Similarly, while the students who score highest on reasoning assessments now show higher levels of learning growth than prior to the pandemic and median scorers match previous levels, the bottom quartile continues to lag behind 2018-2019 growth metrics.

This is a concern, Rochon says, because students who enter a grade with lower levels of subject-matter attainment have more catching up to do each year to stay at grade level. Each year that their growth rates remain depressed, they risk falling farther behind. 

Pre- and Post-COVID Learning Growth by Student Achievement

Implications for Independent School Educators

Overall, Rochon says, ERB member schools have collectively fully recovered to pre-COVID learning growth levels. Nevertheless, the data also show that lower-performing students have not seen as much acceleration as their higher-performing peers — and failing to address this trend could result in widening achievement gaps. 

Fortunately, the data ERB offers to member schools can empower educators to take meaningful steps to help all students unlock their full potential.

1. Identify and address individual needs.

Educators can use the ERB 360 Access data reporting platform to view key metrics and pull targeted reports to pinpoint areas where individuals or groups of students may be struggling, and then tailor their instruction accordingly. For example, if only a few students show sustained difficulty, the right solution may be tutoring sessions, while if an entire class continues to struggle with an area like Verbal Reasoning, refocusing the curriculum may be a more effective approach.

2. Consider the whole child.

Teachers should also explore how factors outside the classroom may impact students’ growth. With ERB’s Whole Child Solution, educators can monitor how students relate to and connect with others, whether they feel a sense of belonging to the school community, and any additional stressors they may face.

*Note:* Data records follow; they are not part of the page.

lemma contour_integral_circlepath_inversion:
  assumes t: "t \<noteq> 0" "norm t \<le> 1"
    and V: "open V" "annulus (norm t) 1 \<subseteq> V" and hol: "g holomorphic_on V"
  shows "contour_integral (circlepath 0 1) (\<lambda>\<zeta>. g \<zeta> / \<zeta>)
    = contour_integral (circlepath 0 1) (\<lambda>\<omega>. g (t / \<omega>) / \<omega>)"
proof -
  define \<phi> where "\<phi> = (\<lambda>\<omega>::complex. t / \<omega>)"
  define r where "r = norm t"
  have "0 < r"
    using t by (simp add: r_def)
  have annulus_V: "annulus r 1 \<subseteq> V - {0}"
    using V(2) \<open>0 < r\<close> by (auto simp: r_def annulus_def)
  have g_hol: "(\<lambda>\<zeta>. g \<zeta> / \<zeta>) holomorphic_on V - {0}"
    using hol by (auto intro!: holomorphic_intros elim: holomorphic_on_subset)
  have \<phi>_analytic: "\<phi> analytic_on - {0}"
    unfolding \<phi>_def by (subst analytic_on_open) (auto intro!: holomorphic_intros)
  have unit_circle: "path_image (circlepath 0 1) \<subseteq> - {0}"
    by auto
  have "contour_integral (\<phi> \<circ> circlepath 0 1) (\<lambda>\<zeta>. g \<zeta> / \<zeta>)
      = contour_integral (circlepath 0 1) (\<lambda>\<omega>. deriv \<phi> \<omega> * (g (\<phi> \<omega>) / \<phi> \<omega>))"
    by (rule contour_integral_comp_analyticW[OF \<phi>_analytic valid_path_circlepath unit_circle])
  also have "\<dots> = contour_integral (circlepath 0 1) (\<lambda>\<omega>. - (g (t / \<omega>) / \<omega>))"
  proof (rule contour_integral_eq)
    fix \<omega>
    assume "\<omega> \<in> path_image (circlepath 0 1)"
    then have "\<omega> \<noteq> 0"
      by auto
    then have \<phi>_deriv: "deriv \<phi> \<omega> = - t / \<omega>^2"
      unfolding \<phi>_def by (intro DERIV_imp_deriv) (auto intro!: derivative_eq_intros simp: power2_eq_square)
    show "deriv \<phi> \<omega> * (g (\<phi> \<omega>) / \<phi> \<omega>) = - (g (t / \<omega>) / \<omega>)"
      unfolding \<phi>_deriv using \<open>\<omega> \<noteq> 0\<close> t by (simp add: \<phi>_def power2_eq_square field_simps)
  qed
  also have "\<dots> = - contour_integral (circlepath 0 1) (\<lambda>\<omega>. g (t / \<omega>) / \<omega>)"
    by (rule contour_integral_neg)
  finally have image_integral: "contour_integral (\<phi> \<circ> circlepath 0 1) (\<lambda>\<zeta>. g \<zeta> / \<zeta>)
      = - contour_integral (circlepath 0 1) (\<lambda>\<omega>. g (t / \<omega>) / \<omega>)" .
  define \<beta> where "\<beta> = Arg2pi t / (2 * pi)"
  have \<beta>: "0 \<le> \<beta>" "\<beta> \<le> 1"
    using Arg2pi[of t] by (auto simp: \<beta>_def)
  have image_path: "reversepath (\<phi> \<circ> circlepath 0 1) = shiftpath \<beta> (circlepath 0 r)"
    unfolding \<phi>_def \<beta>_def r_def by (rule reversepath_inversion_circlepath)
  have "contour_integral (circlepath 0 1) (\<lambda>\<zeta>. g \<zeta> / \<zeta>) = contour_integral (circlepath 0 r) (\<lambda>\<zeta>. g \<zeta> / \<zeta>)"
    using homotopic_loops_circlepath_annulus[OF _ _ annulus_V] \<open>0 < r\<close> t
    by (intro Cauchy_theorem_homotopic_loops[OF _ _ g_hol]) (auto simp: r_def V(1) open_Diff)
  also have "\<dots> = contour_integral (shiftpath \<beta> (circlepath 0 r)) (\<lambda>\<zeta>. g \<zeta> / \<zeta>)"
    using \<beta> by (intro contour_integral_shiftpath[symmetric]) auto
  also have "\<dots> = - contour_integral (\<phi> \<circ> circlepath 0 1) (\<lambda>\<zeta>. g \<zeta> / \<zeta>)"
    unfolding image_path[symmetric]
    by (rule contour_integral_reversepath)
      (rule valid_path_compose_analytic[OF valid_path_circlepath \<phi>_analytic unit_circle])
  finally show ?thesis
    using image_integral by simp
qed

lemma Cauchy_integral_formula_of_uniform_limit:
  fixes h :: "nat \<Rightarrow> complex \<Rightarrow> complex" and \<rho> :: "nat \<Rightarrow> real"
  assumes \<rho>: "\<rho> \<longlonglongrightarrow> 0" "\<And>n. 0 \<le> \<rho> n"
    and V: "\<And>n. open (V n)" "\<And>n. annulus (\<rho> n) 1 \<subseteq> V n" "\<And>n. h n holomorphic_on V n"
    and lim: "uniform_limit half_annulus h F sequentially" "continuous_on half_annulus F"
    and bound: "\<forall>\<^sub>F n in sequentially. (\<forall>\<zeta>\<in>half_annulus. norm (h n \<zeta>) \<le> M)
      \<and> (\<forall>\<zeta>. 0 < \<rho> n \<longrightarrow> norm \<zeta> = \<rho> n \<longrightarrow> norm (h n \<zeta>) \<le> M)"
    and z: "1/2 \<le> norm z" "norm z < 1"
  shows "contour_integral (circlepath 0 1) (\<lambda>\<zeta>. F \<zeta> / (\<zeta> - z)) = 2 * pi * \<i> * F z"
proof -
  have small: "\<forall>\<^sub>F n in sequentially. \<rho> n \<le> 1/4"
    using order_tendstoD(2)[OF \<rho>(1), of "1/4"] by (auto elim: eventually_mono)
  have "\<forall>\<^sub>F n in sequentially. continuous_on (sphere 0 1) (h n)"
    using small
  proof (rule eventually_mono)
    fix n
    assume "\<rho> n \<le> 1/4"
    then have "sphere 0 1 \<subseteq> V n"
      using V(2) \<rho>(2) sphere_subset_annulus[of "\<rho> n" 1 1] by force
    then show "continuous_on (sphere 0 1) (h n)"
      using holomorphic_on_imp_continuous_on[OF V(3)] continuous_on_subset by blast
  qed
  then have "(\<lambda>n. contour_integral (circlepath 0 1) (\<lambda>\<zeta>. h n \<zeta> / (\<zeta> - z)))
      \<longlonglongrightarrow> contour_integral (circlepath 0 1) (\<lambda>\<zeta>. F \<zeta> / (\<zeta> - z))"
    using z sphere_subset_half_annulus
    by (intro Cauchy_integral_circlepath_uniform_limit uniform_limit_on_subset[OF lim(1)]
        continuous_on_subset[OF lim(2)]) auto
  moreover have "(\<lambda>n. contour_integral (circlepath 0 1) (\<lambda>\<zeta>. h n \<zeta> / (\<zeta> - z)))
      \<longlonglongrightarrow> 2 * pi * \<i> * F z"
  proof -
    have "(\<lambda>n. contour_integral (circlepath 0 1) (\<lambda>\<zeta>. h n \<zeta> / (\<zeta> - z)) - 2 * pi * \<i> * h n z)
        \<longlonglongrightarrow> 0"
    proof (rule Lim_null_comparison)
      show "\<forall>\<^sub>F n in sequentially.
          norm (contour_integral (circlepath 0 1) (\<lambda>\<zeta>. h n \<zeta> / (\<zeta> - z)) - 2 * pi * \<i> * h n z)
          \<le> 16 * pi * M * \<rho> n"
        using eventually_conj[OF small bound]
      proof (rule eventually_mono)
        fix n
        assume "\<rho> n \<le> 1/4 \<and> (\<forall>\<zeta>\<in>half_annulus. norm (h n \<zeta>) \<le> M)
          \<and> (\<forall>\<zeta>. 0 < \<rho> n \<longrightarrow> norm \<zeta> = \<rho> n \<longrightarrow> norm (h n \<zeta>) \<le> M)"
        then show "norm (contour_integral (circlepath 0 1) (\<lambda>\<zeta>. h n \<zeta> / (\<zeta> - z)) - 2 * pi * \<i> * h n z)
            \<le> 16 * pi * M * \<rho> n"
          using Cauchy_integral_circlepath_error[OF V(1) V(2) V(3) \<rho>(2) _ _ _ z] by blast
      qed
      show "(\<lambda>n. 16 * pi * M * \<rho> n) \<longlonglongrightarrow> 0"
        using \<rho>(1) by (rule tendsto_mult_right_zero)
    qed
    moreover have "(\<lambda>n. h n z) \<longlonglongrightarrow> F z"
      using z by (intro tendsto_uniform_limitI[OF lim(1)]) (simp add: half_annulus_def)
    ultimately have "(\<lambda>n. (contour_integral (circlepath 0 1) (\<lambda>\<zeta>. h n \<zeta> / (\<zeta> - z)) - 2 * pi * \<i> * h n z)
        + 2 * pi * \<i> * h n z) \<longlonglongrightarrow> 0 + 2 * pi * \<i> * F z"
      by (intro tendsto_add tendsto_mult_left)
    then show ?thesis
      by simp
  qed
  ultimately show ?thesis
    by (rule LIMSEQ_unique)
qed

definition disc_extension :: "(complex \<Rightarrow> complex) \<Rightarrow> complex \<Rightarrow> complex" where
  "disc_extension F z = (if norm z < 1
     then contour_integral (circlepath 0 1) (\<lambda>\<zeta>. F \<zeta> / (\<zeta> - z)) / (2 * pi * \<i>) else F z)"

lemma holomorphic_on_disc_extension:
  assumes "continuous_on (sphere 0 1) F"
  shows "disc_extension F holomorphic_on ball 0 1"
proof (rule holomorphic_transform)
  show "(\<lambda>z. contour_integral (circlepath 0 1) (\<lambda>\<zeta>. F \<zeta> / (\<zeta> - z)) / (2 * pi * \<i>)) holomorphic_on ball 0 1"
    by (intro holomorphic_intros Cauchy_integral_circlepath_holomorphic assms) simp
qed (simp add: disc_extension_def)

lemma disc_extension_eq:
  assumes reproducing: "\<And>z. 1/2 \<le> norm z \<Longrightarrow> norm z < 1
      \<Longrightarrow> contour_integral (circlepath 0 1) (\<lambda>\<zeta>. F \<zeta> / (\<zeta> - z)) = 2 * pi * \<i> * F z"
    and z: "z \<in> half_annulus"
  shows "disc_extension F z = F z"
  using reproducing[of z] z by (simp add: disc_extension_def half_annulus_def)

3. Track progress over time.

Leverage specialized dashboards and reporting tools to monitor student growth over time and before and after changes to curricula or pedagogical approach — that way, it’s easy to quickly identify any concerning trends and adjust interventions as needed.

Rochon closed by pointing out that growing access to meaningful data offers educators unprecedented opportunities. 

“We have so much more that we can do with the assessments that you undertake and the data we receive,” Rochon says.